▸ **Assignment**: Please transcribe the data exactly, with nothing left out.

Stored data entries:
§ §

(* For every proper $S_0$-invariant subgroup $H$ of $E$, the set $\mathcal C_H=\{p\in P : \pi(w(p,\ell))\in H \text{ for some labelling } \ell \text{ of } p\}$ is a simplifiable hyperoctahedral category of partitions.
   Context: A partition $p\in P(k,l)$ ($k,l\ge 0$) is a partition of the disjoint union of $k$ ordered upper points $1,\dots,k$ and $l$ ordered lower points $1',\dots,l'$ into nonempty disjoint subsets called blocks; $P=\bigcup_{k,l}P(k,l)$. Operations on partitions: the tensor product $p\otimes q$ (horizontal juxtaposition, $q$ placed to the right of $p$); the composition of $p\in P(k,l)$ with $q\in P(l,m)$ (stack $p$ on top of $q$, identify the lower points of $p$ with the upper points of $q$, merge blocks connected through these middle points, then erase the middle points and any block lying entirely among them), giving a partition in $P(k,m)$; the involution $p^*$ (reflection of $p$ upside down); and rotation (moving the leftmost, resp. rightmost, point of one row to the leftmost, resp. rightmost, position of the other row, keeping the blocks). A category of partitions is a subset $\mathcal C\subseteq P$ containing the pair partition $\sqcap\in P(0,2)$ (one block consisting of two lower points) and the identity partition $|\in P(1,1)$ (one block $\{1,1'\}$), and closed under these four operations. Special partitions: the four block $b_4\in P(0,4)$ (one block of four lower points); the double singleton $\uparrow\otimes\uparrow\in P(0,2)$ (two one-point blocks); the pair positioner $\rho\in P(3,3)$ with blocks $\{1,2,2',3'\}$ and $\{3,1'\}$. A category of partitions $\mathcal C$ is hyperoctahedral if $b_4\in\mathcal C$ and $\uparrow\otimes\uparrow\notin\mathcal C$; it is simplifiable hyperoctahedral if moreover $\rho\in\mathcal C$. Let $L=\{a_1,a_2,\dots\}$, $\mathbb F_L$ the free group on $L$, $G=\mathbb Z_2^{*\infty}$ the free product of countably many copies of $\mathbb Z/2\mathbb Z$ generated by $a_1,a_2,\dots$ with $a_i^2=e$, and $\pi:\mathbb F_L\to G$ the canonical surjection. A labelling $\ell$ of a partition $p$ assigns pairwise distinct letters of $L$ to the blocks of $p$; $w(p,\ell)\in\mathbb F_L$ is the word obtained by reading the labels of the points of $p$ starting at the leftmost upper point, going through the upper row from left to right and then through the lower row from right to left. $E\le G$ is the subgroup of elements of even length. $S_0\subseteq\mathrm{End}(G)$ is the subsemigroup generated by: (1) for every $n\in\mathbb N$ and every choice of indices $i(1),\dots,i(n)$, the endomorphism with $a_k\mapsto a_{i(k)}$ for $1\le k\le n$ and $a_k\mapsto a_k$ for $k>n$; (2) for every $k$, the conjugation $w\mapsto a_kwa_k$. A subgroup $H$ is $S_0$-invariant if $\phi(H)\subseteq H$ for all $\phi\in S_0$. *)

theory Defs
  imports "HOL-Library.Disjoint_Sets" "HOL-Algebra.Group"
begin

text \<open>Points of a partition: upper points Up 0 .. Up (k-1) (paper: 1..k) and
  lower points Lo 0 .. Lo (l-1) (paper: 1'..l'). A partition is a triple
  (k, l, B) where B is the set of blocks.\<close>

datatype pt = Up nat | Lo nat

type_synonym partition = "nat \<times> nat \<times> pt set set"

definition pts :: "nat \<Rightarrow> nat \<Rightarrow> pt set" where
  "pts k l = Up ` {..<k} \<union> Lo ` {..<l}"

definition Part :: "nat \<Rightarrow> nat \<Rightarrow> partition set" where
  "Part k l = {(k', l', B). k' = k \<and> l' = l \<and> partition_on (pts k l) B}"

definition AllPart :: "partition set" where
  "AllPart = (\<Union>k l. Part k l)"

fun shift_pt :: "nat \<Rightarrow> nat \<Rightarrow> pt \<Rightarrow> pt" where
  "shift_pt k l (Up i) = Up (i + k)"
| "shift_pt k l (Lo j) = Lo (j + l)"

definition tensor :: "partition \<Rightarrow> partition \<Rightarrow> partition" where
  "tensor p q = (case p of (k1, l1, B1) \<Rightarrow> case q of (k2, l2, B2) \<Rightarrow>
     (k1 + k2, l1 + l2, B1 \<union> (\<lambda>b. shift_pt k1 l1 ` b) ` B2))"

fun swap_pt :: "pt \<Rightarrow> pt" where
  "swap_pt (Up i) = Lo i"
| "swap_pt (Lo j) = Up j"

definition involution :: "partition \<Rightarrow> partition" where
  "involution p = (case p of (k, l, B) \<Rightarrow> (l, k, (\<lambda>b. swap_pt ` b) ` B))"

definition same_block :: "pt set set \<Rightarrow> (pt \<times> pt) set" where
  "same_block B = {(x, y). \<exists>b\<in>B. x \<in> b \<and> y \<in> b}"

text \<open>Composition: levels 0 (upper row of p), 1 (middle row), 2 (lower row of q).\<close>

fun top_emb :: "pt \<Rightarrow> nat \<times> nat" where
  "top_emb (Up i) = (0, i)"
| "top_emb (Lo j) = (1, j)"

fun bot_emb :: "pt \<Rightarrow> nat \<times> nat" where
  "bot_emb (Up i) = (1, i)"
| "bot_emb (Lo j) = (2, j)"

fun out_emb :: "pt \<Rightarrow> nat \<times> nat" where
  "out_emb (Up i) = (0, i)"
| "out_emb (Lo j) = (2, j)"

text \<open>p is placed on top of q; meaningful when the number of lower points of p
  equals the number of upper points of q.\<close>
definition pcomp :: "partition \<Rightarrow> partition \<Rightarrow> partition" where
  "pcomp p q = (case p of (k, l, B) \<Rightarrow> case q of (l', m, C) \<Rightarrow>
     (let R = map_prod top_emb top_emb ` same_block B \<union> map_prod bot_emb bot_emb ` same_block C
      in (k, m, (\<lambda>x. {y \<in> pts k m. (out_emb x, out_emb y) \<in> R\<^sup>*}) ` pts k m)))"

fun rotUL_pt :: "pt \<Rightarrow> pt" where
  "rotUL_pt (Up i) = (if i = 0 then Lo 0 else Up (i - 1))"
| "rotUL_pt (Lo j) = Lo (Suc j)"

fun rotLU_pt :: "pt \<Rightarrow> pt" where
  "rotLU_pt (Lo j) = (if j = 0 then Up 0 else Lo (j - 1))"
| "rotLU_pt (Up i) = Up (Suc i)"

fun rotUR_pt :: "nat \<Rightarrow> nat \<Rightarrow> pt \<Rightarrow> pt" where
  "rotUR_pt k l (Up i) = (if i = k - 1 then Lo l else Up i)"
| "rotUR_pt k l (Lo j) = Lo j"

§ §

▸ **Answer to this task**:
(* For every proper $S_0$-invariant subgroup $H$ of $E$, the set $\mathcal C_H=\{p\in P : \pi(w(p,\ell))\in H \text{ for some labelling } \ell \text{ of } p\}$ is a simplifiable hyperoctahedral category of partitions.
   Context: A partition $p\in P(k,l)$ ($k,l\ge 0$) is a partition of the disjoint union of $k$ ordered upper points $1,\dots,k$ and $l$ ordered lower points $1',\dots,l'$ into nonempty disjoint subsets called blocks; $P=\bigcup_{k,l}P(k,l)$. Operations on partitions: the tensor product $p\otimes q$ (horizontal juxtaposition, $q$ placed to the right of $p$); the composition of $p\in P(k,l)$ with $q\in P(l,m)$ (stack $p$ on top of $q$, identify the lower points of $p$ with the upper points of $q$, merge blocks connected through these middle points, then erase the middle points and any block lying entirely among them), giving a partition in $P(k,m)$; the involution $p^*$ (reflection of $p$ upside down); and rotation (moving the leftmost, resp. rightmost, point of one row to the leftmost, resp. rightmost, position of the other row, keeping the blocks). A category of partitions is a subset $\mathcal C\subseteq P$ containing the pair partition $\sqcap\in P(0,2)$ (one block consisting of two lower points) and the identity partition $|\in P(1,1)$ (one block $\{1,1'\}$), and closed under these four operations. Special partitions: the four block $b_4\in P(0,4)$ (one block of four lower points); the double singleton $\uparrow\otimes\uparrow\in P(0,2)$ (two one-point blocks); the pair positioner $\rho\in P(3,3)$ with blocks $\{1,2,2',3'\}$ and $\{3,1'\}$. A category of partitions $\mathcal C$ is hyperoctahedral if $b_4\in\mathcal C$ and $\uparrow\otimes\uparrow\notin\mathcal C$; it is simplifiable hyperoctahedral if moreover $\rho\in\mathcal C$. Let $L=\{a_1,a_2,\dots\}$, $\mathbb F_L$ the free group on $L$, $G=\mathbb Z_2^{*\infty}$ the free product of countably many copies of $\mathbb Z/2\mathbb Z$ generated by $a_1,a_2,\dots$ with $a_i^2=e$, and $\pi:\mathbb F_L\to G$ the canonical surjection. A labelling $\ell$ of a partition $p$ assigns pairwise distinct letters of $L$ to the blocks of $p$; $w(p,\ell)\in\mathbb F_L$ is the word obtained by reading the labels of the points of $p$ starting at the leftmost upper point, going through the upper row from left to right and then through the lower row from right to left. $E\le G$ is the subgroup of elements of even length. $S_0\subseteq\mathrm{End}(G)$ is the subsemigroup generated by: (1) for every $n\in\mathbb N$ and every choice of indices $i(1),\dots,i(n)$, the endomorphism with $a_k\mapsto a_{i(k)}$ for $1\le k\le n$ and $a_k\mapsto a_k$ for $k>n$; (2) for every $k$, the conjugation $w\mapsto a_kwa_k$. A subgroup $H$ is $S_0$-invariant if $\phi(H)\subseteq H$ for all $\phi\in S_0$. *)

theory Defs
  imports "HOL-Library.Disjoint_Sets" "HOL-Algebra.Group"
begin

text \<open>Points of a partition: upper points Up 0 .. Up (k-1) (paper: 1..k) and
  lower points Lo 0 .. Lo (l-1) (paper: 1'..l'). A partition is a triple
  (k, l, B) where B is the set of blocks.\<close>

datatype pt = Up nat | Lo nat

type_synonym partition = "nat \<times> nat \<times> pt set set"

definition pts :: "nat \<Rightarrow> nat \<Rightarrow> pt set" where
  "pts k l = Up ` {..<k} \<union> Lo ` {..<l}"

definition Part :: "nat \<Rightarrow> nat \<Rightarrow> partition set" where
  "Part k l = {(k', l', B). k' = k \<and> l' = l \<and> partition_on (pts k l) B}"

definition AllPart :: "partition set" where
  "AllPart = (\<Union>k l. Part k l)"

fun shift_pt :: "nat \<Rightarrow> nat \<Rightarrow> pt \<Rightarrow> pt" where
  "shift_pt k l (Up i) = Up (i + k)"
| "shift_pt k l (Lo j) = Lo (j + l)"

definition tensor :: "partition \<Rightarrow> partition \<Rightarrow> partition" where
  "tensor p q = (case p of (k1, l1, B1) \<Rightarrow> case q of (k2, l2, B2) \<Rightarrow>
     (k1 + k2, l1 + l2, B1 \<union> (\<lambda>b. shift_pt k1 l1 ` b) ` B2))"

fun swap_pt :: "pt \<Rightarrow> pt" where
  "swap_pt (Up i) = Lo i"
| "swap_pt (Lo j) = Up j"

definition involution :: "partition \<Rightarrow> partition" where
  "involution p = (case p of (k, l, B) \<Rightarrow> (l, k, (\<lambda>b. swap_pt ` b) ` B))"

definition same_block :: "pt set set \<Rightarrow> (pt \<times> pt) set" where
  "same_block B = {(x, y). \<exists>b\<in>B. x \<in> b \<and> y \<in> b}"

text \<open>Composition: levels 0 (upper row of p), 1 (middle row), 2 (lower row of q).\<close>

fun top_emb :: "pt \<Rightarrow> nat \<times> nat" where
  "top_emb (Up i) = (0, i)"
| "top_emb (Lo j) = (1, j)"

fun bot_emb :: "pt \<Rightarrow> nat \<times> nat" where
  "bot_emb (Up i) = (1, i)"
| "bot_emb (Lo j) = (2, j)"

fun out_emb :: "pt \<Rightarrow> nat \<times> nat" where
  "out_emb (Up i) = (0, i)"
| "out_emb (Lo j) = (2, j)"

text \<open>p is placed on top of q; meaningful when the number of lower points of p
  equals the number of upper points of q.\<close>
definition pcomp :: "partition \<Rightarrow> partition \<Rightarrow> partition" where
  "pcomp p q = (case p of (k, l, B) \<Rightarrow> case q of (l', m, C) \<Rightarrow>
     (let R = map_prod top_emb top_emb ` same_block B \<union> map_prod bot_emb bot_emb ` same_block C
      in (k, m, (\<lambda>x. {y \<in> pts k m. (out_emb x, out_emb y) \<in> R\<^sup>*}) ` pts k m)))"

fun rotUL_pt :: "pt \<Rightarrow> pt" where
  "rotUL_pt (Up i) = (if i = 0 then Lo 0 else Up (i - 1))"
| "rotUL_pt (Lo j) = Lo (Suc j)"

fun rotLU_pt :: "pt \<Rightarrow> pt" where
  "rotLU_pt (Lo j) = (if j = 0 then Up 0 else Lo (j - 1))"
| "rotLU_pt (Up i) = Up (Suc i)"

fun rotUR_pt :: "nat \<Rightarrow> nat \<Rightarrow> pt \<Rightarrow> pt" where
  "rotUR_pt k l (Up i) = (if i = k - 1 then Lo l else Up i)"
| "rotUR_pt k l (Lo j) = Lo j"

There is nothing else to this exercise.